lemma isotropic_cross_partner:
  assumes u: "u \<in> Imag" "u \<noteq> 0" "nform u u = 0"
  obtains q where "q \<in> Imag" "nform u q = 0" "cross u q \<notin> Oct.span {u}"
proof -
  obtain w where w: "w \<in> Imag" "nform u w = 1" using nform_eq_one[OF u(1,2)] by blast
  obtain y where y: "y \<in> Imag" "y \<noteq> 0" "nform u y = 0" "nform w y = 0" "nform (cross u w) y = 0"
    using common_nform_kernel[of u w "cross u w"] by blast
  show ?thesis
  proof (cases "cross u y \<in> Oct.span {u}")
    case False
    then show ?thesis using that y by blast
  next
    case True
    then obtain lam where lam: "cross u y = oct_scale lam u" by (auto simp: Oct.in_span_singleton)
    have "nform (cross u y) w = nform y (cross w u)"
      by (metis nform_cross_cyclic nform_sym)
    also have "\<dots> = - nform (cross u w) y" by (simp add: cross_antisym[of w u] nform_sym)
    finally have "lam = 0" using lam w(2) y(5) by (simp add: nform_sym)
    then have uy: "cross u y = 0" using lam by simp
    have "cross_defect u y w = cross_defect w u y" using cross_defect_cyclic[OF u(1) y(1) w(1)] .
    then have "cross u (cross y w) = y + y"
      using uy w(2) y(3,4) by (simp add: cross_defect_def nform_sym diff_eq_eq)
    moreover have "y + y \<notin> Oct.span {u}"
    proof
      assume "y + y \<in> Oct.span {u}"
      then obtain mu where mu: "y + y = oct_scale mu u" by (auto simp: Oct.in_span_singleton)
      have "nform (y + y) w = mu * nform u w" using mu by simp
      then have "mu = 0" using y(4) w(2) by (simp add: nform_sym)
      then have "y + y = 0 + 0" using mu by simp
      with y(2) show False using Oct.vector_double_cancel[OF two_nz] by blast
    qed
    moreover have "nform u (cross y w) = 0"
      using nform_cross_cyclic[of u y w, symmetric] uy by simp
    ultimately show ?thesis using that y(1) w(1) by (metis Imag_closed(2))
  qed
qed

lemma isotropic_two_blocks:
  assumes u: "u \<in> Imag" "u \<noteq> 0" "nform u u = 0"
  obtains U1 U2 v where "indep2 oct_scale u v" "v \<in> Imag" "is_block U1" "is_block U2" "U1 \<noteq> U2"
    "Oct.span {u, v} \<subseteq> U1" "Oct.span {u, v} \<subseteq> U2"
proof -
  obtain q where q: "q \<in> Imag" "nform u q = 0" "cross u q \<notin> Oct.span {u}"
    using isotropic_cross_partner[OF u] by blast
  define v where "v = cross u q"
  have v_im: "v \<in> Imag" by (simp add: v_def)
  have uv: "nform u v = 0" "cross u v = 0"
    using cross_cross[OF u(1) q(1)] u(3) q(2) by (simp_all add: v_def)
  have ind: "indep2 oct_scale u v" using Oct.not_in_span_indep2[OF u(2) q(3)] by (simp add: v_def)
  obtain w1 where w1: "w1 \<in> Imag" "nform u w1 = 1" "nform v w1 = 0"
    using nform_dual_vector[OF u(1) v_im ind] by blast
  obtain w2 where w2: "w2 \<in> Imag" "nform v w2 = 1" "nform u w2 = 0"
    using nform_dual_vector[OF v_im u(1) Oct.indep2_sym[OF ind]] by blast
  define z1 z2 where "z1 = cross u w1" and "z2 = cross u w2"
  have uz1: "cross u z1 = u" and uz2: "cross u z2 = 0"
    using cross_cross[OF u(1) w1(1)] cross_cross[OF u(1) w2(1)] u(3) w1(2) w2(3)
    by (simp_all add: z1_def z2_def)
  have vz2: "cross v z2 = oct_scale 2 u"
    using cross_commuting_cross[OF u(1) v_im w2(1) uv] w2 by (simp add: z2_def)
  have z1: "z1 \<notin> Oct.span {u, v}"
    using cross_commuting_span(1)[OF uv(2)] uz1 u(2) by metis
  have z2: "z2 \<notin> Oct.span {u, v}"
  proof
    assume "z2 \<in> Oct.span {u, v}"
    then have "oct_scale 2 u = 0" using cross_commuting_span(2)[OF uv(2)] vz2 by simp
    with u(2) two_nz show False by simp
  qed
  have "z1 \<notin> Oct.span {u, v, z2}"
  proof
    assume "z1 \<in> Oct.span {u, v, z2}"
    then obtain a b c where "z1 = oct_scale a u + oct_scale b v + oct_scale c z2"
      by (auto simp: Oct.in_span_triple)
    then have "cross u z1 = 0" using uv(2) uz2 by simp
    with uz1 u(2) show False by simp
  qed
  then have "Oct.span {u, v, z1} \<noteq> Oct.span {u, v, z2}" by (auto intro: Oct.span_base)
  moreover have "is_block (Oct.span {u, v, z1})" "is_block (Oct.span {u, v, z2})"
    using commuting_isotropic_block[OF u(1) v_im _ ind u(3) uv] w1(1) w2(1) z1 z2
    by (simp_all add: z1_def z2_def)
  moreover have "Oct.span {u, v} \<subseteq> Oct.span {u, v, z}" for z by (rule Oct.span_mono) auto
  ultimately show ?thesis using that ind v_im by blast
qed

lemma span_pair_subset_Imag: "x \<in> Imag \<Longrightarrow> y \<in> Imag \<Longrightarrow> Oct.span {x, y} \<subseteq> Imag"
  by (rule Oct.span_minimal) (auto simp: subspace_Imag)

lemma block_through_pair_eq:
  assumes ind: "indep2 oct_scale x y" and nin: "cross x y \<notin> Oct.span {x, y}"
    and U: "is_block U" "Oct.span {x, y} \<subseteq> U"
  shows "U = Oct.span {x, y, cross x y}"
  using block_eq_span_cross[OF U(1) _ _ ind nin] U(2) by (auto intro: Oct.span_base)

lemma anisotropic_unique_block:
  assumes an: anisotropic and W: "Oct.subspace W" "W \<subseteq> Imag" "Oct.dim W = 2"
  obtains U where "{U'. is_block U' \<and> W \<subseteq> U'} = {U}"
proof -
  obtain x y where xy: "x \<in> W" "y \<in> W" "indep2 oct_scale x y" "W = Oct.span {x, y}"
    using Oct.dim2_subspace_basis[OF W(1,3)] by blast
  have imag: "x \<in> Imag" "y \<in> Imag" using xy W(2) by auto
  have "cross x y \<notin> Oct.span {x, y}"
  proof
    assume "cross x y \<in> Oct.span {x, y}"
    then obtain u v where "u \<in> Oct.span {x, y}" "indep2 oct_scale u v" "nform u u = 0"
      using dependent_cross_isotropic_basis[OF imag xy(3)] by blast
    with an xy(4) W(2) Oct.indep2_nonzero(1) show False unfolding anisotropic_def by blast
  qed
  then have "{U. is_block U \<and> W \<subseteq> U} = {Oct.span {x, y, cross x y}}"
    using block_through_pair_eq[OF xy(3)] is_block_span_cross[OF imag xy(3)] xy(4)
      Oct.span_mono[of "{x, y}" "{x, y, cross x y}"] by blast
  then show ?thesis by (rule that)
qed

lemma blocks_q_covers: "q_covers oct_scale Imag 2 {U. is_block U}"
  unfolding q_covers_def
proof (intro allI impI)
  fix W assume "Oct.subspace W \<and> W \<subseteq> Imag \<and> Oct.dim W = 2"
  then obtain U where "is_block U" "W \<subseteq> U" using subspace2_covered by blast
  then show "\<exists>U\<in>{U. is_block U}. W \<subseteq> U" by blast
qed

lemma blocks_q_covering_design: "q_covering_design oct_scale Imag 7 3 2 {U. is_block U}"
  unfolding q_covering_design_def
  by (intro conjI ballI subspace_Imag dim_Imag blocks_q_covers) (simp_all add: is_block_def)

lemma blocks_q_covering_minimal: "q_covering_minimal oct_scale Imag 2 {U. is_block U}"
  unfolding q_covering_minimal_def
proof (intro allI impI notI)
  fix B assume B: "B \<subset> {U. is_block U}" and cov: "q_covers oct_scale Imag 2 B"
  obtain U where U: "is_block U" "U \<notin> B" using psubset_imp_ex_mem[OF B] by blast
  obtain x y where xy: "x \<in> U" "y \<in> U" "indep2 oct_scale x y" "cross x y \<notin> Oct.span {x, y}"
    using block_generating_pair[OF U(1)] by blast
  have imag: "x \<in> Imag" "y \<in> Imag" using xy U(1) by (auto simp: is_block_def)
  have "Oct.subspace (Oct.span {x, y}) \<and> Oct.span {x, y} \<subseteq> Imag \<and> Oct.dim (Oct.span {x, y}) = 2"
    using span_pair_subset_Imag[OF imag] Oct.dim_span_pair[OF xy(3)] by simp
  then obtain U' where U': "U' \<in> B" "Oct.span {x, y} \<subseteq> U'"
    using cov unfolding q_covers_def by blast
  have "Oct.span {x, y} \<subseteq> U"
    by (rule Oct.span_minimal) (use xy(1,2) U(1) in \<open>auto simp: is_block_def\<close>)
  then have "U = Oct.span {x, y, cross x y}" by (rule block_through_pair_eq[OF xy(3,4) U(1)])
  moreover have "U' = Oct.span {x, y, cross x y}"
    using block_through_pair_eq[OF xy(3,4) _ U'(2)] psubsetD[OF B U'(1)] by simp
  ultimately show False using U(2) U'(1) by simp
qed

lemma blocks_q_subspace_design_iff:
  "q_subspace_design oct_scale Imag 2 7 3 1 {U. is_block U} \<longleftrightarrow> anisotropic"
proof
  assume design: "q_subspace_design oct_scale Imag 2 7 3 1 {U. is_block U}"
  have count: "card {U \<in> {U. is_block U}. W \<subseteq> U} = 1"
    if "Oct.subspace W" "W \<subseteq> Imag" "Oct.dim W = 2" for W
    using design that unfolding q_subspace_design_def by simp
  show anisotropic
    unfolding anisotropic_def
  proof (intro ballI impI, rule ccontr)
    fix u assume u: "u \<in> Imag" "nform u u = 0" "u \<noteq> 0"
    obtain U1 U2 v where two: "indep2 oct_scale u v" "v \<in> Imag" "is_block U1" "is_block U2" "U1 \<noteq> U2"
      "Oct.span {u, v} \<subseteq> U1" "Oct.span {u, v} \<subseteq> U2"
      by (rule isotropic_two_blocks[OF u(1,3,2)])
    have "card {U \<in> {U. is_block U}. Oct.span {u, v} \<subseteq> U} = 1"
      using count[OF Oct.subspace_span span_pair_subset_Imag[OF u(1) two(2)] Oct.dim_span_pair[OF two(1)]] .
    then obtain A where A: "{U \<in> {U. is_block U}. Oct.span {u, v} \<subseteq> U} = {A}"
      by (rule card_1_singletonE)
    have "U1 \<in> {A}" "U2 \<in> {A}" unfolding A[symmetric] using two by simp_all
    with two(5) show False by simp
  qed
next
  assume an: anisotropic
  have unique: "finite {U \<in> {U. is_block U}. W \<subseteq> U} \<and> card {U \<in> {U. is_block U}. W \<subseteq> U} = 1"
    if W: "Oct.subspace W" "W \<subseteq> Imag" "Oct.dim W = 2" for W
  proof -
    obtain U where "{U'. is_block U' \<and> W \<subseteq> U'} = {U}"
      using anisotropic_unique_block[OF an W] by blast
    moreover have "{U \<in> {U. is_block U}. W \<subseteq> U} = {U'. is_block U' \<and> W \<subseteq> U'}" by simp
    ultimately show ?thesis by simp
  qed
  show "q_subspace_design oct_scale Imag 2 7 3 1 {U. is_block U}"
    unfolding q_subspace_design_def
  proof (intro conjI allI impI)
    show "Oct.subspace Imag" by (rule subspace_Imag)
    show "Oct.dim Imag = 7" by (rule dim_Imag)
    show "\<forall>U\<in>{U. is_block U}. Oct.subspace U \<and> U \<subseteq> Imag \<and> Oct.dim U = 3"
      by (simp add: is_block_def)
    fix W assume "Oct.subspace W \<and> W \<subseteq> Imag \<and> Oct.dim W = 2"
    then show "finite {U \<in> {U. is_block U}. W \<subseteq> U}" "card {U \<in> {U. is_block U}. W \<subseteq> U} = 1"
      using unique by simp_all
  qed
qed

end

theorem mainTheorem2:
  fixes \<alpha> \<beta> \<gamma> :: "'a::field"
  assumes char: "(2::'a) \<noteq> 0"
    and "\<alpha> \<noteq> 0" and "\<beta> \<noteq> 0" and "\<gamma> \<noteq> 0"
  shows "q_covering_design oct_scale (im_of UNIV) 7 3 2
           {im_of H | H. oct_subalgebra \<alpha> \<beta> \<gamma> H \<and> vector_space.dim oct_scale H = 4}
       \<and> q_covering_minimal oct_scale (im_of UNIV) 2
           {im_of H | H. oct_subalgebra \<alpha> \<beta> \<gamma> H \<and> vector_space.dim oct_scale H = 4}
       \<and> (q_subspace_design oct_scale (im_of UNIV) 2 7 3 1
           {im_of H | H. oct_subalgebra \<alpha> \<beta> \<gamma> H \<and> vector_space.dim oct_scale H = 4}
          \<longleftrightarrow> oct_division \<alpha> \<beta> \<gamma>)"
proof -
  interpret cayley \<alpha> \<beta> \<gamma> using assms by unfold_locales
  have "im_of UNIV = Imag" by (simp add: im_of_eq_Imag)
  moreover have "anisotropic \<longleftrightarrow> oct_division \<alpha> \<beta> \<gamma>"
    using anisotropic_division division_anisotropic by blast
  ultimately show ?thesis
    unfolding blocks_eq_is_block
    using blocks_q_covering_design blocks_q_covering_minimal blocks_q_subspace_design_iff by simp
qed

end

**TASK OBJECTIVE**
For the records above, give the number of lines containing the string "that" and no other words.

**ANSWER SPACE**
5